Feeding and mixing in a feed manufacturing process can be continuous or batch wise. A comparison is made for pet food manufacturers to be able to react to the demands in the market and be as flexible as possible, without compromising food quality.
In today’s growing pet and animal feed market, due to the extensive variety of breeds and feed requirements, it is necessary for the pet food/feed manufacturers to be able to provide a varied selection of food types and recipes.

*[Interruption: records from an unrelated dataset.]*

(* Let $n\ge 3$ and let $\Gamma\subset GL(n,\mathbb R)$ be the group of block matrices $\begin{pmatrix} A & b\\ 0 & 1\end{pmatrix}$ with $A\in GL(n-1,\mathbb Z)$ and $b\in\mathbb Z^{n-1}$, acting linearly on $\mathbb R^n$. Then every non-zero $x\in\mathbb R^n$ has unbounded $\Gamma$-orbit (so the action of $\Gamma$ on $\mathbb R^n$ is expansive), yet no element $\gamma\in\Gamma$ is an expansive automorphism of $\mathbb R^n$, i.e. for no $\gamma\in\Gamma$ does the cyclic group $\{\gamma^m:m\in\mathbb Z\}$ act expansively on $\mathbb R^n$.
   Context: An action of a group $\Gamma$ on $\mathbb R^n$ (additive topological group) by linear automorphisms is expansive if there is a neighborhood $U$ of $0$ with $\bigcap_{\gamma\in\Gamma}\gamma^{-1}(U)=\{0\}$. *)

theory Defs
  imports "HOL-Analysis.Analysis"
begin

text \<open>R^n is modelled as real ^ ('m option) with n = CARD('m) + 1; the coordinates
  Some i (i :: 'm) are the first n-1 coordinates and None is the last coordinate.\<close>

definition integer_matrix :: "real ^ 'm ^ 'm \<Rightarrow> bool" where
  "integer_matrix A \<longleftrightarrow> (\<forall>i j. A $ i $ j \<in> \<int>)"

definition GL_int :: "(real ^ 'm ^ 'm) set" where
  "GL_int = {A. integer_matrix A \<and>
      (\<exists>B. integer_matrix B \<and> A ** B = mat 1 \<and> B ** A = mat 1)}"

definition Gamma_aff :: "(real ^ ('m::finite option) ^ ('m option)) set" where
  "Gamma_aff = {M. (\<exists>A \<in> (GL_int :: (real ^ 'm ^ 'm) set). \<forall>i j. M $ Some i $ Some j = A $ i $ j)
      \<and> (\<forall>i. M $ Some i $ None \<in> \<int>)
      \<and> (\<forall>j. M $ None $ Some j = 0)
      \<and> M $ None $ None = 1}"

definition expansive :: "('a::topological_space \<Rightarrow> 'a) set \<Rightarrow> 'a \<Rightarrow> bool" where
  "expansive G z \<longleftrightarrow> (\<exists>U. z \<in> interior U \<and> (\<Inter>g\<in>G. g -` U) = {z})"

definition cyclic_group :: "('a \<Rightarrow> 'a) \<Rightarrow> ('a \<Rightarrow> 'a) set" where
  "cyclic_group f = {f ^^ k | k. True} \<union> {(inv f) ^^ k | k. True}"

end

theory Submission
  imports Defs
begin

text \<open>For x \<noteq> 0 pick a coordinate q with x_q \<noteq> 0 and a coordinate p \<noteq> q among the first n-1.
  The integer transvections x_p \<mapsto> x_p + k x_q lie in \<Gamma> and move x arbitrarily far, so every
  orbit of a non-zero vector is unbounded; since 0 is fixed, the unit ball already witnesses
  expansiveness of \<Gamma>. On the other hand every \<gamma> \<in> \<Gamma> preserves the last coordinate, so
  \<gamma> - 1 is singular and \<gamma> has a fixed line through 0, which every power of \<gamma> fixes pointwise;
  a fixed line meets every neighbourhood of 0, so no single \<gamma> is expansive.\<close>

lemma expansive_if_unbounded_orbits:
  fixes G :: "('a::real_normed_vector \<Rightarrow> 'a) set"
  assumes "\<And>g. g \<in> G \<Longrightarrow> g 0 = 0"
    and "\<And>x. x \<noteq> 0 \<Longrightarrow> \<not> bounded ((\<lambda>g. g x) ` G)"
  shows "expansive G 0"
  unfolding expansive_def
proof (intro exI conjI)
  show "(0::'a) \<in> interior (ball 0 1)" by simp
  have "x = 0" if "x \<in> (\<Inter>g\<in>G. g -` ball 0 1)" for x
  proof -
    from that have "(\<lambda>g. g x) ` G \<subseteq> ball 0 1" by auto
    then show "x = 0" using assms(2) bounded_ball bounded_subset by blast
  qed
  moreover have "0 \<in> (\<Inter>g\<in>G. g -` ball 0 1)" by (auto dest: assms(1))
  ultimately show "(\<Inter>g\<in>G. g -` ball 0 1) = {0}" by blast
qed

lemma cyclic_group_fixes:
  assumes "inj f" "f w = w" "g \<in> cyclic_group f"
  shows "g w = w"
proof -
  have fixes_power: "h w = w \<Longrightarrow> (h ^^ k) w = w" for h :: "'a \<Rightarrow> 'a" and k
    by (induction k) auto
  have "inv f w = w" using inv_f_f[OF assms(1), of w] assms(2) by simp
  then show ?thesis using assms(2,3) fixes_power unfolding cyclic_group_def by auto
qed

lemma not_expansive_cyclic_group_if_fixed_vector:
  fixes f :: "'a::real_normed_vector \<Rightarrow> 'a"
  assumes "linear f" "inj f" "f v = v" "v \<noteq> 0"
  shows "\<not> expansive (cyclic_group f) 0"
proof
  assume "expansive (cyclic_group f) 0"
  then obtain U where U: "0 \<in> interior U" "(\<Inter>g\<in>cyclic_group f. g -` U) = {0}"
    unfolding expansive_def by blast
  obtain e where e: "e > 0" "ball 0 e \<subseteq> U" using U(1) mem_interior by blast
  define w where "w = (e / 2 / norm v) *\<^sub>R v"
  have "f w = w" using assms(1,3) by (simp add: w_def linear_scale)
  then have fixed: "g w = w" if "g \<in> cyclic_group f" for g
    by (rule cyclic_group_fixes[OF assms(2) _ that])
  have "norm w = e / 2" using e(1) assms(4) by (simp add: w_def)
  then have "w \<in> U" using e by auto
  then have "w \<in> (\<Inter>g\<in>cyclic_group f. g -` U)" by (auto dest: fixed)
  moreover have "w \<noteq> 0" using e(1) assms(4) by (simp add: w_def)
  ultimately show False using U(2) by blast
qed

lemma fixed_vector_if_coordinate_preserved:
  fixes M :: "real ^ 'n ^ 'n"
  assumes "\<And>x. (M *v x) $ k = x $ k"
  shows "\<exists>v. v \<noteq> 0 \<and> M *v v = v"
proof -
  define h where "h = (\<lambda>x. (M - mat 1) *v x)"
  have "linear h" unfolding h_def by (rule matrix_vector_mul_linear)
  have "h x $ k = 0" for x by (simp add: h_def matrix_vector_mult_diff_rdistrib assms)
  then have "axis k 1 \<notin> range h" by (metis axis_nth imageE zero_neq_one)
  then have "\<not> inj h" using \<open>linear h\<close> eucl.linear_inj_imp_surj by blast
  then obtain v where "h v = 0" "v \<noteq> 0" using linear_injective_0[OF \<open>linear h\<close>] by blast
  then show ?thesis by (auto simp: h_def matrix_vector_mult_diff_rdistrib)
qed

definition transvection :: "'n::finite \<Rightarrow> 'n \<Rightarrow> real \<Rightarrow> real ^ 'n ^ 'n" where
  "transvection p q k = (\<chi> r c. (if r = c then 1 else 0) + (if r = p \<and> c = q then k else 0))"

lemma if_zero_mult:
  "(if b then x else (0::real)) * y = (if b then x * y else 0)"
  "y * (if b then x else (0::real)) = (if b then y * x else 0)"
  by simp_all

lemma transvection_mult_inverse:
  assumes "p \<noteq> q"
  shows "transvection p q k ** transvection p q (-k) = mat 1"
proof -
  have if_conj: "(if a \<and> b then x else (0::real)) = (if a then (if b then x else 0) else 0)"
    for a b x by simp
  show ?thesis using assms
    unfolding transvection_def matrix_matrix_mult_def mat_def
    by (simp add: vec_eq_iff distrib_left distrib_right sum.distrib if_zero_mult if_conj)
qed

lemma transvection_apply:
  assumes "p \<noteq> q"
  shows "(transvection p q k *v x) $ p = x $ p + k * x $ q"
  using assms unfolding transvection_def matrix_vector_mult_def
  by (simp add: distrib_right sum.distrib if_zero_mult)

lemma transvection_in_GL_int:
  assumes "p \<noteq> q" "k \<in> \<int>"
  shows "transvection p q k \<in> GL_int"
proof -
  have integer: "integer_matrix (transvection p q l)" if "l \<in> \<int>" for l
    using that unfolding transvection_def integer_matrix_def by auto
  have "transvection p q (- k) ** transvection p q k = mat 1"
    using transvection_mult_inverse[OF assms(1), of "- k"] by simp
  moreover have "integer_matrix (transvection p q (- k))" using assms(2) by (simp add: integer)
  ultimately show ?thesis
    unfolding GL_int_def using integer[OF assms(2)] transvection_mult_inverse[OF assms(1)] by blast
qed

lemma mat_1_in_GL_int: "(mat 1 :: real ^ 'n ^ 'n) \<in> GL_int"
proof -
  have "integer_matrix (mat 1 :: real ^ 'n ^ 'n)" unfolding integer_matrix_def by (simp add: mat_def)
  then show ?thesis unfolding GL_int_def using matrix_mul_lid[of "mat 1"] by blast
qed

lemma transvection_in_Gamma_aff:
  fixes i :: "'m::finite"
  assumes "Some i \<noteq> q" "k \<in> \<int>"
  shows "transvection (Some i) q k \<in> Gamma_aff"
proof -
  have "\<exists>A \<in> (GL_int :: (real ^ 'm ^ 'm) set).
          \<forall>a b. transvection (Some i) q k $ Some a $ Some b = A $ a $ b"
  proof (cases q)
    case None
    then show ?thesis using mat_1_in_GL_int
      by (intro bexI[of _ "mat 1"]) (auto simp: transvection_def mat_def)
  next
    case (Some j)
    then show ?thesis using assms transvection_in_GL_int[of i j k]
      by (intro bexI[of _ "transvection i j k"]) (auto simp: transvection_def)
  qed
  then show ?thesis unfolding Gamma_aff_def using assms by (auto simp: transvection_def)
qed

lemma unbounded_transvection_orbit:
  assumes "p \<noteq> q" "x $ q \<noteq> 0"
  shows "\<not> bounded {transvection p q (real k) *v x | k. True}"
proof
  assume "bounded {transvection p q (real k) *v x | k. True}"
  then obtain a where a: "\<And>k. norm (transvection p q (real k) *v x) \<le> a"
    unfolding bounded_iff by blast
  obtain k :: nat where "(a + \<bar>x $ p\<bar>) / \<bar>x $ q\<bar> < real k" using reals_Archimedean2 by blast
  then have k: "a + \<bar>x $ p\<bar> < real k * \<bar>x $ q\<bar>" using assms(2) by (simp add: divide_less_eq)
  have "\<bar>x $ p + real k * x $ q\<bar> \<le> a"
    using component_le_norm_cart[of "transvection p q (real k) *v x" p] a[of k]
    by (simp add: transvection_apply[OF assms(1)])
  then show False using k by (simp add: abs_mult abs_le_iff) linarith
qed

lemma Gamma_aff_orbit_unbounded:
  assumes "CARD('m::finite) \<ge> 2" "(x :: real ^ ('m option)) \<noteq> 0"
  shows "\<not> bounded {M *v x | M. M \<in> (Gamma_aff :: (real ^ ('m option) ^ ('m option)) set)}"
proof -
  obtain i q where iq: "Some i \<noteq> q" "x $ q \<noteq> 0"
  proof (cases "x $ None = 0")
    case False
    then show ?thesis by (intro that[of _ None]) auto
  next
    case True
    with assms(2) obtain j where "x $ Some j \<noteq> 0"
      by (metis option.exhaust vec_eq_iff zero_index)
    moreover obtain i where "i \<noteq> j"
    proof (rule ccontr)
      assume "\<not> thesis"
      with that have "(UNIV :: 'm set) = {j}" by blast
      then have "CARD('m) = card {j}" by (rule arg_cong)
      with assms(1) show False by simp
    qed
    ultimately show ?thesis using that[of i "Some j"] by auto
  qed
  have "{transvection (Some i) q (real k) *v x | k. True}
          \<subseteq> {M *v x | M. M \<in> (Gamma_aff :: (real ^ ('m option) ^ ('m option)) set)}"
    using transvection_in_Gamma_aff[OF iq(1)] by auto
  then show ?thesis using unbounded_transvection_orbit[OF iq] bounded_subset by blast
qed

lemma sum_UNIV_option:
  fixes f :: "'a::finite option \<Rightarrow> 'b::comm_monoid_add"
  shows "sum f UNIV = f None + (\<Sum>i\<in>UNIV. f (Some i))"
proof -
  have "sum f UNIV = f None + sum f (range Some)"
    by (simp add: UNIV_option_conv)
  also have "sum f (range Some) = (\<Sum>i\<in>UNIV. f (Some i))" by (subst sum.reindex) auto
  finally show ?thesis .
qed

lemma Gamma_aff_last_coordinate:
  assumes "M \<in> Gamma_aff"
  shows "(M *v x) $ None = x $ None"
  using assms unfolding Gamma_aff_def
  by (simp add: matrix_vector_mult_def sum_UNIV_option)

lemma Gamma_aff_inj:
  assumes "(M :: real ^ ('m::finite option) ^ ('m option)) \<in> Gamma_aff"
  shows "inj (\<lambda>x. M *v x)"
  unfolding linear_injective_0[OF matrix_vector_mul_linear]
proof (intro allI impI)
  fix x assume Mx: "M *v x = 0"
  obtain A where A: "A \<in> (GL_int :: (real ^ 'm ^ 'm) set)" "\<And>i j. M $ Some i $ Some j = A $ i $ j"
    using assms unfolding Gamma_aff_def by blast
  obtain B where B: "B ** A = mat 1" using A(1) unfolding GL_int_def by blast
  have x_last: "x $ None = 0" using Mx Gamma_aff_last_coordinate[OF assms, of x] by simp
  define y where "y = (\<chi> j. x $ Some j)"
  have "(A *v y) $ i = (M *v x) $ Some i" for i
    by (simp add: matrix_vector_mult_def sum_UNIV_option x_last A(2) y_def)
  then have "A *v y = 0" using Mx by (simp add: vec_eq_iff)
  then have "y = 0" using B by (metis matrix_vector_mul_assoc matrix_vector_mul_lid matrix_vector_mult_0_right)
  with x_last show "x = 0" by (simp add: y_def vec_eq_iff) (metis option.exhaust)
qed

theorem mainTheorem11:
  assumes "CARD('m::finite) \<ge> 2"
  shows "(\<forall>x :: real ^ ('m option). x \<noteq> 0 \<longrightarrow>
            \<not> bounded {M *v x | M. M \<in> (Gamma_aff :: (real ^ ('m option) ^ ('m option)) set)})
       \<and> expansive ((\<lambda>M. (\<lambda>x. M *v x)) ` (Gamma_aff :: (real ^ ('m option) ^ ('m option)) set)) 0
       \<and> (\<forall>\<gamma> \<in> (Gamma_aff :: (real ^ ('m option) ^ ('m option)) set).
            \<not> expansive (cyclic_group (\<lambda>x. \<gamma> *v x)) 0)"
proof (intro conjI allI impI ballI)
  show "\<not> bounded {M *v x | M. M \<in> Gamma_aff}" if "x \<noteq> 0" for x :: "real ^ ('m option)"
    using Gamma_aff_orbit_unbounded[OF assms that] .
  then show "expansive ((\<lambda>M x. M *v x) ` (Gamma_aff :: (real ^ ('m option) ^ ('m option)) set)) 0"
    by (intro expansive_if_unbounded_orbits) (auto simp: image_image setcompr_eq_image)
next
  fix \<gamma> :: "real ^ ('m option) ^ ('m option)"
  assume \<gamma>: "\<gamma> \<in> Gamma_aff"
  obtain v where "v \<noteq> 0" "\<gamma> *v v = v"
    using fixed_vector_if_coordinate_preserved Gamma_aff_last_coordinate[OF \<gamma>] by blast
  then show "\<not> expansive (cyclic_group (\<lambda>x. \<gamma> *v x)) 0"
    using not_expansive_cyclic_group_if_fixed_vector[OF matrix_vector_mul_linear Gamma_aff_inj[OF \<gamma>]]
    by blast
qed

end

It is therefore important that the manufacturing processes are flexible and efficient, easy to implement, and easy to clean. Most importantly, the product quality must be acceptable. All of these requirements are provided by the typical characteristics of a continuous mixing process with automated high accuracy feeding. This article will outline the technologies involved in the continuous mixing process, discuss the comparison between batch and continuous mixing, and will discuss a specific pet food example where the end user modified from a batch process.
Before describing a continuous mixing process with ultra precise feeding, let us summarise the benefits:
High mix quality and final quality
Minimum space requirement
Quick cleaning
Easy to control
Simplified process sequence
High throughput capacity
Gentle mixing due to short material dwell time
Low energy consumption
Reduced risk of demixing.
To prove these statements, the two main players, the feeder and the mixer, will first be described individually and then in the context of their interaction.
Volumetric versus gravimetric feeding
The core of the equipment for manufacturing pet food and feeds is the mixer (see photo). The additives are dosed proportionally to the extruder performance. This is performed by a K-Tron gravimetric screw feeder. As will be explained later, the feeding precision and the operation of the screw feeder is a key factor in this process.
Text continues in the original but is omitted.